(* Let $a\in\mathbb{F}_q$ be nonzero, $n\geqslant 2$, and let $\mathcal{I}_n$ be the ideal of $\mathbb{F}_q[x_1,\dots,x_n]$ generated by $\mathcal{B}_n$. Then the set of common zeros of $\mathcal{I}_n$ in $\mathbb{F}_q^n$ is exactly $\mathcal{V}_n=\{v_0,v_1,\dots,v_n\}$, where $v_0=(0,\dots,0)$ and $v_k=\left(\binom{k}{1}a,\binom{k}{2}a^2,\dots,\binom{k}{k}a^k,0,\dots,0\right)\in\mathbb{F}_q^n$ for $1\leqslant k\leqslant n$. (These are precisely the values $(\xi_1(X),\dots,\xi_n(X))$ for $X$ ranging over $\{X\in\mathrm{M}(n,q):X^2=aX\}$, where $\det(\lambda I_n-X)=\lambda^n+\sum_{i=1}^n(-1)^i\xi_i(X)\lambda^{n-i}$.)
   Context: $\mathbb{F}_q$ is the finite field with $q$ elements, and $\mathbb{F}_q[x_1,\dots,x_{n-1}]\subseteq\mathbb{F}_q[x_1,\dots,x_n]$. Define $\mathcal{B}_2=\{x_2^2-a^2x_2,\ x_2x_1-2ax_2,\ x_1^2-ax_1-2x_2\}\subseteq\mathbb{F}_q[x_1,x_2]$, and recursively for $n\geqslant 3$ $$\mathcal{B}_n=\left\{f-\frac{f(w_n)}{a^n}x_n : f\in\mathcal{B}_{n-1}\right\}\cup\left\{x_nx_i-\binom{n}{i}a^ix_n : i=1,\dots,n\right\},$$ where $w_n=\left(\binom{n}{1}a,\binom{n}{2}a^2,\dots,\binom{n}{n-1}a^{n-1}\right)\in\mathbb{F}_q^{n-1}$ and $f(w_n)$ denotes evaluation of $f\in\mathbb{F}_q[x_1,\dots,x_{n-1}]$ at $w_n$. *)

theory Defs
  imports Main
begin

text \<open>Points of F^n are functions nat => 'a, coordinates 1..n, all other coordinates 0.
  Polynomials in x_1..x_n are represented by their polynomial functions on such points.\<close>

type_synonym 'a pt = "nat \<Rightarrow> 'a"
type_synonym 'a pfun = "'a pt \<Rightarrow> 'a"

definition in_space :: "nat \<Rightarrow> 'a::zero pt \<Rightarrow> bool" where
  "in_space n x \<longleftrightarrow> (\<forall>i. (i = 0 \<or> n < i) \<longrightarrow> x i = 0)"

inductive_set polyfun :: "nat \<Rightarrow> ('a::comm_ring_1) pfun set" for n where
  const: "(\<lambda>x. c) \<in> polyfun n"
| var: "1 \<le> i \<Longrightarrow> i \<le> n \<Longrightarrow> (\<lambda>x. x i) \<in> polyfun n"
| add: "f \<in> polyfun n \<Longrightarrow> g \<in> polyfun n \<Longrightarrow> (\<lambda>x. f x + g x) \<in> polyfun n"
| mult: "f \<in> polyfun n \<Longrightarrow> g \<in> polyfun n \<Longrightarrow> (\<lambda>x. f x * g x) \<in> polyfun n"

definition ideal_gen :: "nat \<Rightarrow> ('a::comm_ring_1) pfun list \<Rightarrow> 'a pfun set" where
  "ideal_gen n B = {f. \<exists>gs. length gs = length B \<and> set gs \<subseteq> polyfun n \<and>
       f = (\<lambda>x. \<Sum>i<length B. (gs ! i) x * (B ! i) x)}"

definition zero_set :: "nat \<Rightarrow> ('a::comm_ring_1) pfun set \<Rightarrow> 'a pt set" where
  "zero_set n I = {x. in_space n x \<and> (\<forall>f\<in>I. f x = 0)}"

definition wpt :: "'a::comm_ring_1 \<Rightarrow> nat \<Rightarrow> 'a pt" where
  "wpt a n = (\<lambda>i. if 1 \<le> i \<and> i \<le> n - 1 then of_nat (n choose i) * a ^ i else 0)"

definition vpt :: "'a::comm_ring_1 \<Rightarrow> nat \<Rightarrow> 'a pt" where
  "vpt a k = (\<lambda>i. if 1 \<le> i \<and> i \<le> k then of_nat (k choose i) * a ^ i else 0)"

fun Bgen :: "'a::field \<Rightarrow> nat \<Rightarrow> 'a pfun list" where
  "Bgen a 0 = []"
| "Bgen a (Suc 0) = []"
| "Bgen a (Suc (Suc 0)) =
     [(\<lambda>x. x 2 ^ 2 - a ^ 2 * x 2),
      (\<lambda>x. x 2 * x 1 - 2 * a * x 2),
      (\<lambda>x. x 1 ^ 2 - a * x 1 - 2 * x 2)]"
| "Bgen a (Suc (Suc (Suc m))) =
     (let n = m + 3 in
       map (\<lambda>f. (\<lambda>x. f x - f (wpt a n) / a ^ n * x n)) (Bgen a (n - 1))
       @ map (\<lambda>i. (\<lambda>x. x n * x i - of_nat (n choose i) * a ^ i * x n)) [1..<n+1])"

end

theory Submission
  imports Defs
begin

text \<open>A common zero x of B_n either has x_n = 0, and then the generators of
  B_n at x reduce to those of B_(n-1), or x_n \<noteq> 0, and then the generators
  x_n x_i - C(n,i) a^i x_n force x_i = C(n,i) a^i for all i, i.e. x = v_n. Conversely v_n agrees
  with w_n on the first n - 1 coordinates, so the corrected generators f - f(w_n)/a^n x_n vanish
  at v_n because its last coordinate is a^n.\<close>

lemma zero_set_ideal_gen:
  fixes B :: "('a::comm_ring_1) pfun list"
  shows "zero_set n (ideal_gen n B) = {x. in_space n x \<and> (\<forall>f\<in>set B. f x = 0)}"
proof (intro set_eqI iffI)
  fix x assume x: "x \<in> zero_set n (ideal_gen n B)"
  have "f x = 0" if "f \<in> set B" for f
  proof -
    obtain j where j: "j < length B" "f = B ! j"
      using \<open>f \<in> set B\<close> by (auto simp: in_set_conv_nth)
    define gs where "gs = map (\<lambda>i (_::'a pt). if i = j then 1 else 0::'a) [0..<length B]"
    have "set gs \<subseteq> polyfun n" "length gs = length B"
      by (auto simp: gs_def intro: polyfun.const)
    then have "(\<lambda>x. \<Sum>i<length B. (gs ! i) x * (B ! i) x) \<in> ideal_gen n B"
      unfolding ideal_gen_def by blast
    with x have "(\<Sum>i<length B. (gs ! i) x * (B ! i) x) = 0"
      unfolding zero_set_def by auto
    moreover have "(\<Sum>i<length B. (gs ! i) x * (B ! i) x) =
        (\<Sum>i<length B. if i = j then (B ! i) x else 0)"
      by (rule sum.cong) (auto simp: gs_def)
    then have "(\<Sum>i<length B. (gs ! i) x * (B ! i) x) = (B ! j) x"
      using j(1) by simp
    ultimately show "f x = 0" using j(2) by simp
  qed
  with x show "x \<in> {x. in_space n x \<and> (\<forall>f\<in>set B. f x = 0)}"
    unfolding zero_set_def by auto
next
  fix x assume "x \<in> {x. in_space n x \<and> (\<forall>f\<in>set B. f x = 0)}"
  then show "x \<in> zero_set n (ideal_gen n B)"
    unfolding zero_set_def ideal_gen_def
    by (auto intro!: sum.neutral dest!: bspec[OF _ nth_mem])
qed

lemma in_space_eqI:
  assumes "in_space n x" "in_space n y" "\<And>i. 1 \<le> i \<Longrightarrow> i \<le> n \<Longrightarrow> x i = y i"
  shows "x = y"
proof
  fix i show "x i = y i"
    using assms unfolding in_space_def by (cases "i = 0 \<or> n < i") auto
qed

lemma in_space_vpt: "k \<le> n \<Longrightarrow> in_space n (vpt a k)"
  by (auto simp: in_space_def vpt_def)

lemma vpt_eq_0_above: "k < i \<Longrightarrow> vpt a k i = 0"
  by (simp add: vpt_def)

lemma vpt_self: "0 < k \<Longrightarrow> vpt a k k = a ^ k"
  by (simp add: vpt_def)

lemma set_Bgen_step:
  assumes "3 \<le> n"
  shows "set (Bgen a n) =
    (\<lambda>f x. f x - f (wpt a n) / a ^ n * x n) ` set (Bgen a (n - 1)) \<union>
    (\<lambda>i x. x n * x i - of_nat (n choose i) * a ^ i * x n) ` {1..n}"
proof -
  obtain m where "m + 3 = n"
    using le_Suc_ex[OF assms] by (auto simp: add.commute)
  then have n: "Suc (Suc (Suc m)) = n" "m + 3 = n" by simp_all
  have "Bgen a n = map (\<lambda>f x. f x - f (wpt a n) / a ^ n * x n) (Bgen a (n - 1)) @
      map (\<lambda>i x. x n * x i - of_nat (n choose i) * a ^ i * x n) [1..<n + 1]"
    using Bgen.simps(4)[of a m] unfolding Let_def n .
  then show ?thesis
    by (simp only: set_append set_map set_upt Suc_eq_plus1[symmetric] atLeastLessThanSuc_atLeastAtMost)
qed

lemma Bgen_cong:
  "f \<in> set (Bgen a n) \<Longrightarrow> (\<And>i. 1 \<le> i \<Longrightarrow> i \<le> n \<Longrightarrow> x i = y i) \<Longrightarrow> f x = f y"
proof (induction a n arbitrary: f rule: Bgen.induct)
  case (3 a)
  then have "x 1 = y 1" "x 2 = y 2" by auto
  with 3(1) show ?case by auto
next
  case (4 a m)
  let ?n = "Suc (Suc (Suc m))"
  have IH: "g x = g y" if "g \<in> set (Bgen a (?n - 1))" for g
    using 4(1)[of ?n g] that 4(3) by simp
  have "3 \<le> ?n" by simp
  show ?case
    using 4(2) IH 4(3) unfolding set_Bgen_step[OF \<open>3 \<le> ?n\<close>] by auto
qed simp_all

lemma Bgen_2_common_zeros:
  fixes a :: "'a::field"
  assumes "a \<noteq> 0" and x: "in_space 2 x"
  shows "(\<forall>f\<in>set (Bgen a 2). f x = 0) \<longleftrightarrow> (\<exists>k\<le>2. x = vpt a k)"
proof -
  have B2: "set (Bgen a 2) = {\<lambda>x. x 2 ^ 2 - a ^ 2 * x 2, \<lambda>x. x 2 * x 1 - 2 * a * x 2,
      \<lambda>x. x 1 ^ 2 - a * x 1 - 2 * x 2}"
    by (simp add: numeral_2_eq_2)
  have vpt_eq: "x = vpt a k \<longleftrightarrow> x 1 = vpt a k 1 \<and> x 2 = vpt a k 2" if "k \<le> 2" for k
    using in_space_eqI[OF x in_space_vpt[OF that]] by (auto simp: le_Suc_eq numeral_2_eq_2)
  have upto_2: "(\<exists>k\<le>2. P k) \<longleftrightarrow> P 0 \<or> P 1 \<or> P (2::nat)" for P
    by (auto simp: le_Suc_eq numeral_2_eq_2)
  have v: "vpt a 0 1 = 0" "vpt a 0 2 = 0" "vpt a 1 1 = a" "vpt a 1 2 = 0"
    "vpt a 2 1 = 2 * a" "vpt a 2 2 = a ^ 2"
    by (simp_all add: vpt_def)
  show ?thesis
  proof
    assume "\<forall>f\<in>set (Bgen a 2). f x = 0"
    then have e1: "x 2 * (x 2 - a ^ 2) = 0" and e2: "x 2 * (x 1 - 2 * a) = 0"
      and e3: "x 1 * (x 1 - a) = 2 * x 2"
      by (auto simp: B2 algebra_simps power2_eq_square)
    from e1 consider "x 2 = 0" | "x 2 = a ^ 2" by auto
    then show "\<exists>k\<le>2. x = vpt a k"
    proof cases
      case 1
      with e3 have "x 1 = 0 \<or> x 1 = a" by auto
      with 1 show ?thesis unfolding upto_2 by (auto simp: vpt_eq v[unfolded One_nat_def])
    next
      case 2
      with e2 \<open>a \<noteq> 0\<close> have "x 1 = 2 * a" by simp
      with 2 show ?thesis unfolding upto_2 by (simp add: vpt_eq v[unfolded One_nat_def])
    qed
  next
    assume "\<exists>k\<le>2. x = vpt a k"
    then show "\<forall>f\<in>set (Bgen a 2). f x = 0"
      unfolding upto_2 by (auto simp: B2 v[unfolded One_nat_def] power2_eq_square algebra_simps)
  qed
qed

lemma Bgen_common_zeros_step_iff:
  assumes "3 \<le> n"
  shows "(\<forall>f\<in>set (Bgen a n). f x = 0) \<longleftrightarrow>
    (\<forall>f\<in>set (Bgen a (n - 1)). f x = f (wpt a n) / a ^ n * x n) \<and>
    (\<forall>i\<in>{1..n}. x n * x i = of_nat (n choose i) * a ^ i * x n)"
  unfolding set_Bgen_step[OF assms] by (simp add: ball_Un)

lemma Bgen_common_zeros_if_last_coord_zero:
  assumes "3 \<le> n" "x n = 0"
  shows "(\<forall>f\<in>set (Bgen a n). f x = 0) \<longleftrightarrow> (\<forall>f\<in>set (Bgen a (n - 1)). f x = 0)"
  using assms by (simp add: Bgen_common_zeros_step_iff)

lemma Bgen_common_zeros_if_last_coord_nonzero:
  fixes a :: "'a::field"
  assumes "3 \<le> n" "a \<noteq> 0" "in_space n x" "x n \<noteq> 0"
  shows "(\<forall>f\<in>set (Bgen a n). f x = 0) \<longleftrightarrow> x = vpt a n"
proof
  assume "\<forall>f\<in>set (Bgen a n). f x = 0"
  then have coord: "x n * x i = of_nat (n choose i) * a ^ i * x n" if "1 \<le> i" "i \<le> n" for i
    using that by (auto simp: Bgen_common_zeros_step_iff[OF \<open>3 \<le> n\<close>])
  show "x = vpt a n"
  proof (rule in_space_eqI[OF \<open>in_space n x\<close> in_space_vpt[OF order_refl]])
    fix i assume "1 \<le> i" "i \<le> n"
    with coord[OF this] \<open>x n \<noteq> 0\<close> show "x i = vpt a n i"
      by (simp add: vpt_def mult.commute)
  qed
next
  assume x: "x = vpt a n"
  then have xn: "x n = a ^ n" using \<open>3 \<le> n\<close> by (simp add: vpt_self)
  have "f x = f (wpt a n)" if "f \<in> set (Bgen a (n - 1))" for f
    by (rule Bgen_cong[OF that]) (auto simp: x vpt_def wpt_def)
  with xn \<open>a \<noteq> 0\<close> show "\<forall>f\<in>set (Bgen a n). f x = 0"
    unfolding Bgen_common_zeros_step_iff[OF \<open>3 \<le> n\<close>] by (simp add: x vpt_def)
qed

lemma Bgen_common_zeros:
  fixes a :: "'a::field"
  assumes "a \<noteq> 0" "2 \<le> n" "in_space n x"
  shows "(\<forall>f\<in>set (Bgen a n). f x = 0) \<longleftrightarrow> (\<exists>k\<le>n. x = vpt a k)"
  using assms(2,3)
proof (induction n arbitrary: x rule: nat_induct_at_least)
  case base
  then show ?case using Bgen_2_common_zeros[OF \<open>a \<noteq> 0\<close>] by blast
next
  case (Suc n)
  show ?case
  proof (cases "x (Suc n) = 0")
    case True
    with Suc.prems have "in_space n x" unfolding in_space_def by (metis Suc_lessI)
    have "(\<forall>f\<in>set (Bgen a (Suc n)). f x = 0) \<longleftrightarrow> (\<forall>f\<in>set (Bgen a n). f x = 0)"
      using Bgen_common_zeros_if_last_coord_zero[of "Suc n" x a] Suc.hyps True by simp
    also have "\<dots> \<longleftrightarrow> (\<exists>k\<le>n. x = vpt a k)"
      by (rule Suc.IH[OF \<open>in_space n x\<close>])
    also have "\<dots> \<longleftrightarrow> (\<exists>k\<le>Suc n. x = vpt a k)"
      using True vpt_self[of "Suc n" a] \<open>a \<noteq> 0\<close> by (auto simp: le_Suc_eq)
    finally show ?thesis .
  next
    case False
    have "(\<forall>f\<in>set (Bgen a (Suc n)). f x = 0) \<longleftrightarrow> x = vpt a (Suc n)"
      using Bgen_common_zeros_if_last_coord_nonzero[of "Suc n" a x] Suc False \<open>a \<noteq> 0\<close> by simp
    also have "\<dots> \<longleftrightarrow> (\<exists>k\<le>Suc n. x = vpt a k)"
      using False vpt_eq_0_above[of _ "Suc n" a] by (auto simp: le_less)
    finally show ?thesis .
  qed
qed

theorem theorem4p7:
  fixes a :: "'a::{finite,field}" and n :: nat
  assumes "a \<noteq> 0" and "2 \<le> n"
  shows "zero_set n (ideal_gen n (Bgen a n)) = {vpt a k | k. k \<le> n}"
  unfolding zero_set_ideal_gen
proof (intro set_eqI iffI)
  fix x assume "x \<in> {x. in_space n x \<and> (\<forall>f\<in>set (Bgen a n). f x = 0)}"
  then show "x \<in> {vpt a k | k. k \<le> n}"
    using Bgen_common_zeros[OF assms] by auto
next
  fix x assume "x \<in> {vpt a k | k. k \<le> n}"
  then obtain k where "k \<le> n" "x = vpt a k" by blast
  with in_space_vpt show "x \<in> {x. in_space n x \<and> (\<forall>f\<in>set (Bgen a n). f x = 0)}"
    using Bgen_common_zeros[OF assms] by blast
qed

end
:::::
» EXERCISE DIRECTIONS: Using the listing, filter for "shows" and return the matching lines.

» THE ANSWER:
  shows "zero_set n (ideal_gen n B) = {x. in_space n x \<and> (\<forall>f\<in>set B. f x = 0)}"
  shows "x = y"
  shows "set (Bgen a n) =
  shows "(\<forall>f\<in>set (Bgen a 2). f x = 0) \<longleftrightarrow> (\<exists>k\<le>2. x = vpt a k)"
  shows "(\<forall>f\<in>set (Bgen a n). f x = 0) \<longleftrightarrow>
  shows "(\<forall>f\<in>set (Bgen a n). f x = 0) \<longleftrightarrow> (\<forall>f\<in>set (Bgen a (n - 1)). f x = 0)"
  shows "(\<forall>f\<in>set (Bgen a n). f x = 0) \<longleftrightarrow> x = vpt a n"
  shows "(\<forall>f\<in>set (Bgen a n). f x = 0) \<longleftrightarrow> (\<exists>k\<le>n. x = vpt a k)"
  shows "zero_set n (ideal_gen n (Bgen a n)) = {vpt a k | k. k \<le> n}"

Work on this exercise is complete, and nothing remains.